text \<open>Membership in BMO^p_S: f is integrable on each shape, the p-th power of the
  oscillation is integrable on each shape (so the integral is a genuine finite one),
  and the oscillations are uniformly bounded.\<close>
definition BMO :: "real \<Rightarrow> 'a::euclidean_space set set \<Rightarrow> ('a \<Rightarrow> real) set" where
  "BMO p \<S> = {f. (\<forall>S\<in>\<S>. set_integrable lebesgue S f
        \<and> set_integrable lebesgue S (\<lambda>x. \<bar>f x - avg S f\<bar> powr p))
      \<and> (\<exists>K\<ge>0. \<forall>S\<in>\<S>. osc p S f \<le> K)}"

definition bmo_norm :: "real \<Rightarrow> 'a::euclidean_space set set \<Rightarrow> ('a \<Rightarrow> real) \<Rightarrow> real" where
  "bmo_norm p \<S> f = Inf {K. K \<ge> 0 \<and> (\<forall>S\<in>\<S>. osc p S f \<le> K)}"

end

theory Submission
  imports Defs
begin

text \<open>
  Choose a subsequence \<open>f (\<phi> k)\<close> whose consecutive differences have BMO norm below \<open>2\<^sup>-\<^sup>k\<close>
  and normalise it by subtracting its averages over one fixed shape \<open>S\<^sub>0\<close>. Since \<open>\<Omega>\<close> is
  connected and the shapes are open, every shape \<open>T\<close> is reached from \<open>S\<^sub>0\<close> by a chain of
  overlapping shapes, and overlaps of positive measure give \<open>\<bar>avg T h - avg S\<^sub>0 h\<bar> \<le> C\<^sub>T \<parallel>h\<parallel>\<close>.
  Hence the normalised subsequence has summable \<open>L\<^sup>1(T)\<close> increments on every shape and converges
  almost everywhere and in \<open>L\<^sup>1\<close> on each shape to a single function \<open>g\<close>. Fatou's lemma transfers
  the Cauchy bounds \<open>\<parallel>f i - f j\<parallel> < \<epsilon>\<close> to \<open>\<parallel>f i - g\<parallel> \<le> \<epsilon>\<close>.
\<close>

section \<open>Integral estimates\<close>

lemma abs_diff_powr_le:
  fixes a b p :: real
  assumes "p > 0"
  shows "\<bar>a - b\<bar> powr p \<le> 2 powr p * (\<bar>a\<bar> powr p + \<bar>b\<bar> powr p)"
proof -
  have "\<bar>a - b\<bar> powr p \<le> (2 * max \<bar>a\<bar> \<bar>b\<bar>) powr p"
    using assms by (intro powr_mono2) auto
  also have "\<dots> = 2 powr p * max \<bar>a\<bar> \<bar>b\<bar> powr p"
    by (simp add: powr_mult)
  also have "max \<bar>a\<bar> \<bar>b\<bar> powr p \<le> \<bar>a\<bar> powr p + \<bar>b\<bar> powr p"
    by (simp add: max_def)
  finally show ?thesis by (simp add: mult_left_mono)
qed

********

** TASK ITEM **
Print each line, starting with the one that contains "powr p * max" and ending with the last line of the data, exactly as it stands and with no other lines.

** ANSWER FOR THE TASK **
  also have "\<dots> = 2 powr p * max \<bar>a\<bar> \<bar>b\<bar> powr p"
    by (simp add: powr_mult)
  also have "max \<bar>a\<bar> \<bar>b\<bar> powr p \<le> \<bar>a\<bar> powr p + \<bar>b\<bar> powr p"
    by (simp add: max_def)
  finally show ?thesis by (simp add: mult_left_mono)
qed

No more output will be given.